▶ _Extracted material_
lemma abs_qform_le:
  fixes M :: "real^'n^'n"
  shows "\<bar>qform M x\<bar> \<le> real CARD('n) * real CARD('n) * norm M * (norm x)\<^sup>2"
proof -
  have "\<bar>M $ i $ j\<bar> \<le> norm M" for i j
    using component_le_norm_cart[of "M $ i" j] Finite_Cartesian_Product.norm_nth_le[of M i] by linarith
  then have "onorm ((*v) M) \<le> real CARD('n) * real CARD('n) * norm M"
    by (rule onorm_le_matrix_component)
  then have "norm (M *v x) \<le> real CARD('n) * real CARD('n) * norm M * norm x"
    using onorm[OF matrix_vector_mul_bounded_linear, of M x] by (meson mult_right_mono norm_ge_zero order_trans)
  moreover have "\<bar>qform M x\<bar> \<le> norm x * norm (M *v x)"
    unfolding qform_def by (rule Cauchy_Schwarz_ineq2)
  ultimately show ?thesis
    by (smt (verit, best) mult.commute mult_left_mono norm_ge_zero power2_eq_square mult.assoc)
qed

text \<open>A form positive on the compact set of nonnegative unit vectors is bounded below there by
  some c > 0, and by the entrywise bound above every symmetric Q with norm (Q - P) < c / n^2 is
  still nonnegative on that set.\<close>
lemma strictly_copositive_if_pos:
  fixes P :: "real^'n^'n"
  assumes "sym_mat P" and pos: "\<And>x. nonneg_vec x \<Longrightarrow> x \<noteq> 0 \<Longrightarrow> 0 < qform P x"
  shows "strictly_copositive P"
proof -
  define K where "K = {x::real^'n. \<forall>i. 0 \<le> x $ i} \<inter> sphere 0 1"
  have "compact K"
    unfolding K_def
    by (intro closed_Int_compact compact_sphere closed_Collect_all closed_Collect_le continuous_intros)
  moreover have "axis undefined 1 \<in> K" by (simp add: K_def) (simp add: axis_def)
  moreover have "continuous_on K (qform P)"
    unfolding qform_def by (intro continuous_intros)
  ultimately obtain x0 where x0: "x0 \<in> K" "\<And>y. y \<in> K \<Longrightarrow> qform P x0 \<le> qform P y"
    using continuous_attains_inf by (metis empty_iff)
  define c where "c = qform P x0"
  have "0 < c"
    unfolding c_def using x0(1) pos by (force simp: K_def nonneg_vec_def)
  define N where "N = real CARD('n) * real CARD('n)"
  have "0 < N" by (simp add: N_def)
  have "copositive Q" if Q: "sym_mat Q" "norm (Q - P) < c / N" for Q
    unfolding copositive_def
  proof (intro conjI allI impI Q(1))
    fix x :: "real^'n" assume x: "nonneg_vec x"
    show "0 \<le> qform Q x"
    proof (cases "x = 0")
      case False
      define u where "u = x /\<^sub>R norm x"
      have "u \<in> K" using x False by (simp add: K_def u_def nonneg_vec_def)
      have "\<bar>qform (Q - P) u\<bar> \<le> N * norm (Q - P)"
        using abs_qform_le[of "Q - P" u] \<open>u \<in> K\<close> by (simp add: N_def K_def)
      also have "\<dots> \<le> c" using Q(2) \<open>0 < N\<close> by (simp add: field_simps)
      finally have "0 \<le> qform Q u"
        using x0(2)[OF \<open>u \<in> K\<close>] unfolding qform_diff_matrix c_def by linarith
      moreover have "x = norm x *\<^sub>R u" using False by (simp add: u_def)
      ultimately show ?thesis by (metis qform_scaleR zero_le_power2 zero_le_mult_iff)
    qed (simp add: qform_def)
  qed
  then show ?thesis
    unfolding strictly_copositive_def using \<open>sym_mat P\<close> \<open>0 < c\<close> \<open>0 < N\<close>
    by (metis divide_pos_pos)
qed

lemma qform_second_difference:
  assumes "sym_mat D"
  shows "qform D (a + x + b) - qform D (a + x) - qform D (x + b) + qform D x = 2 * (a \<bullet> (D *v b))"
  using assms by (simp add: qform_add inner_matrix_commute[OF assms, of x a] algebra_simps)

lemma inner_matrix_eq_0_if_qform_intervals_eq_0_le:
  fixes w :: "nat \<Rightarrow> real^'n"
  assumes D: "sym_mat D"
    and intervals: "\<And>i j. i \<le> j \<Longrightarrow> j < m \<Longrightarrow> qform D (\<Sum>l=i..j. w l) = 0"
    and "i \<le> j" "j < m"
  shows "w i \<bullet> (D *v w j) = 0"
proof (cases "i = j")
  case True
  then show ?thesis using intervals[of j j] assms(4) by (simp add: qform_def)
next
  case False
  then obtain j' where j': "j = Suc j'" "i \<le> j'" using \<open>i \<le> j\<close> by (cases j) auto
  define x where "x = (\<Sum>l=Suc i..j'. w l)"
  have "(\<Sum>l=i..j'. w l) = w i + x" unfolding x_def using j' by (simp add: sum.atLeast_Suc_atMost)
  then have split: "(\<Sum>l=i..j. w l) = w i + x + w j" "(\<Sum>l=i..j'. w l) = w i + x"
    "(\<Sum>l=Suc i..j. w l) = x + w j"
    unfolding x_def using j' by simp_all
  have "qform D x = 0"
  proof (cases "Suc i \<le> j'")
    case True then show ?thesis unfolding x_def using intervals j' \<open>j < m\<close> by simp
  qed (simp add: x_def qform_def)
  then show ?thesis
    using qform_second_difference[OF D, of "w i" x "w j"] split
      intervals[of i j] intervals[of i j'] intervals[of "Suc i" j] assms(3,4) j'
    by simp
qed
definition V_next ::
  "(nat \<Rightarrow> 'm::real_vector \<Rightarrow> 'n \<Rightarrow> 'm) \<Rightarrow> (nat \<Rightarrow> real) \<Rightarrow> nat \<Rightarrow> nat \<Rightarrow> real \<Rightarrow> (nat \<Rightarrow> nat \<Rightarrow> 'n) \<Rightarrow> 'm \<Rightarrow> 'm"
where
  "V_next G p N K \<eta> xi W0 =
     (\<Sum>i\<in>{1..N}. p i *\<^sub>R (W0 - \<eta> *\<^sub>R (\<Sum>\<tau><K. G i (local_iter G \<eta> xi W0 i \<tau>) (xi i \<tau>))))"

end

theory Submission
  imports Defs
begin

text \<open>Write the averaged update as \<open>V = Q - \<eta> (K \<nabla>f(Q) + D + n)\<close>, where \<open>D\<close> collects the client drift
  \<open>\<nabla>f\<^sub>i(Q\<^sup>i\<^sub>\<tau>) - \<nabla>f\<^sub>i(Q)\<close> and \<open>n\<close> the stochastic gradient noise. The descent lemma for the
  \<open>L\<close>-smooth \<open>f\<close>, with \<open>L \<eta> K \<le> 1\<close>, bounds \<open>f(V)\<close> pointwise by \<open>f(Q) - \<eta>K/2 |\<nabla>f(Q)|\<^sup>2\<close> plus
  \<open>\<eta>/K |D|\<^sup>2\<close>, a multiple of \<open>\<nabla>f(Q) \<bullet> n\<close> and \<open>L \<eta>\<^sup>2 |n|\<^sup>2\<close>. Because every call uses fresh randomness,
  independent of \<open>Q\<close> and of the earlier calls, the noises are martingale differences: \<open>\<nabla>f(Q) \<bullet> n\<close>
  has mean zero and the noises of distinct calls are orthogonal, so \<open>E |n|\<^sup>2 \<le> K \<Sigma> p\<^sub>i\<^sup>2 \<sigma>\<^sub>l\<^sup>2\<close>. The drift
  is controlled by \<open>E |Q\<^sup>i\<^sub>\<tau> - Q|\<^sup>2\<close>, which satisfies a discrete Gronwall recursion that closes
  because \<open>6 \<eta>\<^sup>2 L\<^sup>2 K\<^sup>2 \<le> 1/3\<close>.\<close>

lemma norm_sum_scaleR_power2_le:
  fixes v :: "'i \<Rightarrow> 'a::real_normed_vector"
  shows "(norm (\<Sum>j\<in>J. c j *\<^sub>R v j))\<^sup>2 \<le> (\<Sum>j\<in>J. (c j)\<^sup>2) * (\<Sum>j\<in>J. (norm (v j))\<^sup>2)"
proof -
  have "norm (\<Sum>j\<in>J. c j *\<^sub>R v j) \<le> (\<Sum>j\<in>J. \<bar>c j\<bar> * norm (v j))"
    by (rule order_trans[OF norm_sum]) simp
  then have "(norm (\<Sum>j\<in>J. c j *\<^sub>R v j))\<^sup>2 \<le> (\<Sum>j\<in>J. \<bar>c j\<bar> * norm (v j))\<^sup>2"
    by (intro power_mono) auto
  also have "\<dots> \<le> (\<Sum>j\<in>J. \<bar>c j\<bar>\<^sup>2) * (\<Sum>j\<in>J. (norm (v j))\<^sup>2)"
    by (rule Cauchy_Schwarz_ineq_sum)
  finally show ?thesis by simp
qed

▶ _Exercise_
How many lines in the entries above include the string "also"? Answer with the number only.

▶ _Solved problem_
2